Method considerations and limitations

Activation of the mPFC-NAc pathway increased neural activity in a basal ganglia-thalamic-cortical network, including medial parts of thalamus, hypothalamus and several cortical areas including the mPFC, orbitofrontal cortex, infralimbic, cingulate, visual and auditory cortex. Consistent with our findings, another study demonstrated that chemogenetic activation of striatal neurons in mice altered neural activity of downstream regions including medial thalamus and cortical regions [25]. However, it is noteworthy that stimulation of NAc terminals can induce antidromic activity to increase neuronal activity in the mPFC [53], raising the question of whether the changes in cortical activity are directly due to NAc activation or mediated indirectly through a basal ganglia-thalamus-cortex pathway.

In contrast, other studies have shown no significant differences in functional connectivity after DREADD manipulation in striatal neurons or projections from ventral tegmental area to NAc or mPFC [24, 25]. Besides the differences in regions/pathways of manipulation, important methodological differences may help account for their null result, including their use of 1% isoflurane. Evidence shows that functional connectivity decreases with higher isoflurane levels [54], while our previous studies, which used 0.5% of isoflurane combined with a low dose of dexmedetomidine during imaging acquirement have successfully identified the classic Default Mode and Salience Networks in rats [35, 55], suggesting that this anesthesia regimen allowed us to observe more robust changes in functional connectivity induced by DREADD activation. However, it should be generally cautious when interpreting the relationship between fMRI data and behavioral outcomes under anesthesia. Future studies employing awake fMRI protocols could help validate and extend the current findings.

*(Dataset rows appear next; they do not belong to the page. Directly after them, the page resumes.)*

lemma mult_reduction_mat_entry:
  assumes "A \<in> carrier_mat (2 * n) (2 * n)" and "r < 2 * n" and "c < 2 * n"
  shows "(A * reduction_mat q n) $$ (r, c) = (if c < n
    then A $$ (r, 2 * c) * varY ^ (q ^ c) - A $$ (r, 2 * c + 1) * varX ^ (q ^ c)
    else A $$ (r, 2 * (c - n) + 1))"
proof -
  have prod: "(A * reduction_mat q n) $$ (r, c) = (\<Sum>l<2 * n. A $$ (r, l) * reduction_mat q n $$ (l, c))"
    using assms by (intro index_mult_mat_sum) (auto simp: reduction_mat_def)
  show ?thesis
  proof (cases "c < n")
    case True
    have "(A * reduction_mat q n) $$ (r, c) = (\<Sum>l<2 * n. A $$ (r, l) *
        (if l = 2 * c then varY ^ (q ^ c) else if l = 2 * c + 1 then - (varX ^ (q ^ c)) else 0))"
      unfolding prod by (rule sum.cong[OF refl])
        (use True in \<open>auto simp: reduction_mat_def elim_mat_def interleave_def\<close>)
    also have "\<dots> = A $$ (r, 2 * c) * varY ^ (q ^ c) + A $$ (r, 2 * c + 1) * - (varX ^ (q ^ c))"
      using True by (intro sum_mult_two_deltas) auto
    finally show ?thesis
      using True by simp
  next
    case False
    have "(A * reduction_mat q n) $$ (r, c)
        = (\<Sum>l<2 * n. A $$ (r, l) * (if l = 2 * (c - n) + 1 then 1 else 0))"
      unfolding prod by (rule sum.cong[OF refl])
        (use False assms(3) in \<open>auto simp: reduction_mat_def elim_mat_def interleave_def\<close>)
    also have "\<dots> = A $$ (r, 2 * (c - n) + 1)"
      using False assms(3) by (simp add: if_distrib[of "(*) _"] cong: if_cong)
    finally show ?thesis
      using False by simp
  qed
qed

lemma det_matrix_carrier [simp]: "det_matrix q n u \<in> carrier_mat (2 * n) (2 * n)"
  by (simp add: det_matrix_def)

The current study demonstrated that activation of the mPFC-NAc pathway enhanced behavioral flexibility by reducing perseverative errors and decreased functional connectivity in frontostriatal and other cortical circuits. These findings provide insights into the causal effects of frontostriatal pathway activation to behavioral flexibility, which may inform potential future interventions for those with behavioral flexibility deficits.